八點的時候,鎮子電信公司來了一個人,是羅夜把他請來的。
“有這事?現在能用嗎?”
“現在能用,但信號極差,時斷時續,搞不清怎么回事。”
這位電信工作人員看在警察的份上,下班后來警察局走一趟,他把羅夜的手機拆開,檢查手機卡和電池——
“沒問題的,很正常,你在通靈街的位置,信號完全可以覆蓋,不會有問題。”
“但為什么接不到電話?”
工作人員也搞不清狀況,說道:“再觀察觀察吧,有事給我電話。”
“不行,我要換手機,新手機帶來了沒有。”
工作人員直接幫他換了一個手機,羅夜用上新手機。
電信局的人走后,博士笑道:“你真是個喜新厭舊的家伙,你原來的手機還很新的。”
“你不懂的,博士。”
羅夜懷疑自己接不到電話,和空間轉換有關。
是不是臨近驗收任務的時候,空間會產生波動,所以接不通電話。
每次想起那次和伊琳娜逃跑時突然而至的大霧,羅夜就會懷疑空間轉換的吊詭功能,時至今日,羅夜越來越堅信,那場大霧一定是影哥搞出來的。
他缺少的是證據。
夜深人靜,他躺在床上,回憶女巫塞古拉看見三張皇帝牌面的表情。
現在回想,她貌似也是不知道會發生那樣的情況,那副塔羅牌沒問題,是羅夜切牌切出來的問題。
他將一副嶄新的塔羅牌從盒子中抽出來,這副牌是羅夜讓克麗絲幫自己新買的。
克麗絲在洗完澡,渾身發香地打開臥室的門。
“猛男,怎么不看我一眼呢?”
她依著房門,風情萬種。
“我們來玩個游戲吧。”
“你真該下地獄!”
克麗絲不情愿充當起了羅夜的游戲對象。
“你是女巫,臨時的,我是你的客戶,我切牌,三張——”
羅夜如此認真,克麗絲來了點興趣。
白色的浴巾半裹在身上,她充當起女巫。
“弄死你,詛咒你,你個喜新厭舊的混蛋!抽牌吧。”
無論羅夜怎么抽,始終抽不出三張相同的牌面。
“真是見鬼了,見鬼,是我的問題,還是那位大媽級的女巫的問題呢。”
“那不可能的,塞古拉也沒必要耍你,她是個很穩的女巫,要不然她怎么可能協助警方偵破人命案呢,她不會耍警察,她不敢,難道她不怕進關押室?”
羅夜將塔羅牌收好,重新放進盒子中。
“活兒干完了。”
克麗絲扯掉浴巾撲上來,一下把他撲倒。
“你發愣的樣子真的很賤!”
————
昏暗的木樓中,一張煤氣燈發出滋滋滋的聲音。
女巫伊羅·塞古拉坐在古老的黑色方桌子前,望著火焰發愣。
破丟丟的銅鏡擦得干干凈凈,她不知道擦了多少回。
我要這么做嗎?
這個問題她不知道問了多少遍。
木樓外有腳步聲傳來。
塞古拉的這棟木房子,修建在鎮子南面的森林中,木房子曾經用來二戰關押逃跑士兵的臨時監獄,不遠的一百米是行刑場。

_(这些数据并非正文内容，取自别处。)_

(* Let $P:\{-1,1\}^k\to\{0,1\}$ be a predicate such that there is no uniformly positively correlated probability distribution supported on $P^{-1}(1)$. Then there is a real polynomial $Q$ of degree at most $2$ in $x_1,\dots,x_k$ such that $Q(x)>E_Q^+$ for every $x\in P^{-1}(1)$. Furthermore, $Q$ can be chosen such that the maximum defining $E_Q^+$ is attained at a bias $r$ with $|r|<1$.
   Context: Boolean values are encoded as $\pm1$. For $Q:\{-1,1\}^k\to\mathbb{R}$ and $r\in[-1,1]$, $E_Q(r)=\mathbb{E}[Q(x)]$ where $x$ has independent coordinates each with expectation $r$ (i.e., $x_i=1$ with probability $(1+r)/2$), and $E_Q^+=\max_{r\in[-1,1]}E_Q(r)$. A distribution on $\{-1,1\}^k$ is uniformly positively correlated if there are $p,\rho\in[0,1]$ with $\rho\ge p^2$ such that $\Pr[x_i=1]=p$ for every $i$ and $\Pr[x_i=1\wedge x_j=1]=\rho$ for every $i<j$. *)

theory Defs
  imports "HOL-Probability.Probability"
begin

text \<open>Points of the Boolean cube {-1,1}^k: coordinates indexed by 0..k-1,
  extended by 0 outside (so that the cube is a finite set of functions).\<close>
definition cube :: "nat \<Rightarrow> (nat \<Rightarrow> real) set" where
  "cube k = {x. (\<forall>i<k. x i = 1 \<or> x i = -1) \<and> (\<forall>i. k \<le> i \<longrightarrow> x i = 0)}"

definition unif_pos_corr :: "nat \<Rightarrow> (nat \<Rightarrow> real) pmf \<Rightarrow> bool" where
  "unif_pos_corr k \<mu> \<longleftrightarrow> set_pmf \<mu> \<subseteq> cube k \<and>
     (\<exists>p \<rho>. p \<in> {0..1} \<and> \<rho> \<in> {0..1} \<and> \<rho> \<ge> p^2 \<and>
        (\<forall>i<k. measure_pmf.prob \<mu> {x. x i = 1} = p) \<and>
        (\<forall>i j. i < j \<and> j < k \<longrightarrow> measure_pmf.prob \<mu> {x. x i = 1 \<and> x j = 1} = \<rho>))"

definition quadpoly :: "nat \<Rightarrow> real \<Rightarrow> (nat \<Rightarrow> real) \<Rightarrow> (nat \<Rightarrow> nat \<Rightarrow> real) \<Rightarrow> (nat \<Rightarrow> real) \<Rightarrow> real" where
  "quadpoly k c a b x = c + (\<Sum>i<k. a i * x i) + (\<Sum>i<k. \<Sum>j<k. b i j * x i * x j)"

text \<open>E_Q(r): expectation of Q under independent coordinates of mean r,
  i.e. Pr[x_i = 1] = (1+r)/2.\<close>
definition EQ :: "nat \<Rightarrow> ((nat \<Rightarrow> real) \<Rightarrow> real) \<Rightarrow> real \<Rightarrow> real" where
  "EQ k Q r = (\<Sum>x\<in>cube k. (\<Prod>i<k. (1 + r * x i) / 2) * Q x)"

definition EQplus :: "nat \<Rightarrow> ((nat \<Rightarrow> real) \<Rightarrow> real) \<Rightarrow> real" where
  "EQplus k Q = (SUP r\<in>{-1..1}. EQ k Q r)"

end

theory Submission
  imports Defs
begin

text \<open>Let \<open>S\<close> be the set of satisfying assignments. A distribution on \<open>S\<close> is uniformly
  positively correlated exactly when all its first moments equal some \<open>m\<close> and all its pairwise
  moments equal some \<open>c\<close> with \<open>m\<^sup>2 \<le> c \<le> 1\<close>. So the hypothesis says that the compact convex
  set of moment vectors of distributions on \<open>S\<close> misses the compact convex set of such uniform
  moment vectors. A separating hyperplane gives a form \<open>L x = \<Sum> a\<^sub>i x\<^sub>i + \<Sum> v\<^sub>i\<^sub>j x\<^sub>i x\<^sub>j\<close> and
  \<open>F > 0\<close> with \<open>L x \<ge> U m + V c + F\<close> for \<open>x \<in> S\<close>, where \<open>U = \<Sum> a\<^sub>i\<close> and \<open>V = \<Sum> v\<^sub>i\<^sub>j\<close>. As
  \<open>E\<^sub>L(r) = U r + V r\<^sup>2\<close>, taking \<open>(m, c) = (r, r\<^sup>2)\<close> nearly gives the claim; subtracting a
  suitable multiple of \<open>\<Sum> x\<^sub>i x\<^sub>j\<close> makes \<open>E\<^sub>Q\<close> peak strictly inside \<open>(-1, 1)\<close> while \<open>Q\<close> stays
  above that peak on \<open>S\<close>.\<close>

lemma cube_0: "cube 0 = {\<lambda>_. 0}"
  by (auto simp: cube_def)

lemma cube_Suc: "cube (Suc k) = (\<lambda>(x, t). x(k := t)) ` (cube k \<times> {1, -1})"
proof (intro equalityI subsetI)
  fix y assume y: "y \<in> cube (Suc k)"
  then have "y(k := 0) \<in> cube k" "y k \<in> {1, -1}" by (auto simp: cube_def)
  then show "y \<in> (\<lambda>(x, t). x(k := t)) ` (cube k \<times> {1, -1})"
    by (intro image_eqI[of _ _ "(y(k := 0), y k)"]) auto
qed (auto simp: cube_def less_Suc_eq)

lemma finite_cube: "finite (cube k)"
  by (induction k) (auto simp: cube_0 cube_Suc)

lemma cube_coord: "x \<in> cube k \<Longrightarrow> i < k \<Longrightarrow> x i = 1 \<or> x i = -1"
  by (auto simp: cube_def)

lemma sum_cube_Suc:
  "(\<Sum>x\<in>cube (Suc k). g x) = (\<Sum>x\<in>cube k. g (x(k := 1)) + g (x(k := -1)))"
proof -
  have "inj_on (\<lambda>(x, t). x(k := t)) (cube k \<times> {1, -1::real})"
  proof (rule inj_onI, clarify)
    fix x t x' t' assume x: "x \<in> cube k" "x' \<in> cube k" and eq: "x(k := t) = x'(k := t')"
    have "x i = x' i" for i
      using fun_cong[OF eq, of i] x by (cases "i = k") (auto simp: cube_def)
    then show "x = x' \<and> t = t'" using fun_cong[OF eq, of k] by auto
  qed
  then have "(\<Sum>x\<in>cube (Suc k). g x) = (\<Sum>(x, t)\<in>cube k \<times> {1, -1}. g (x(k := t)))"
    unfolding cube_Suc by (subst sum.reindex) (auto simp: case_prod_beta)
  then show ?thesis by (simp add: sum.cartesian_product[symmetric])
qed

她的父親是行刑官,二戰結束,這棟房子歸她的父親所有。
父親過世后,房子過繼給塞古拉,她是這棟房子唯一的活物。
這里沒電,但塞古拉習慣了,她喜歡在幽深的木房子活動。
能穿過密林來到木屋前的人,而且是在這個時候,那只能是盜墓賊白毛熊。
噠-噠-噠——噠噠。
三聲長,兩聲短,這是兩人約定的暗號。
塞古拉打開門,白毛熊高大的身影走進來,木屋內頓時顯得狹窄起來。
“你的臉色看起來很不好,發生什么事了?”
“那個女人要殺我!我已經請求庫爾斯克鎮的警察保護了。”
“什么!”
塞古拉大驚道,她的音調瞬間變得低沉起來。
“所以,別指望魔藥了,我沒取到,我去取魔藥的時候他趁機下手,若不是我有防備,我見不著你。”
木屋左側的墻壁上,掛著一排黑洞洞的牛頭骨。
牛頭骨內有淡淡的黑氣繚繞。
“恭喜你獲得本年度的俄羅斯通靈冠軍,魔藥的作用果然十分的邪門,獎金拿到手了嗎?”
“獎金算個屁。”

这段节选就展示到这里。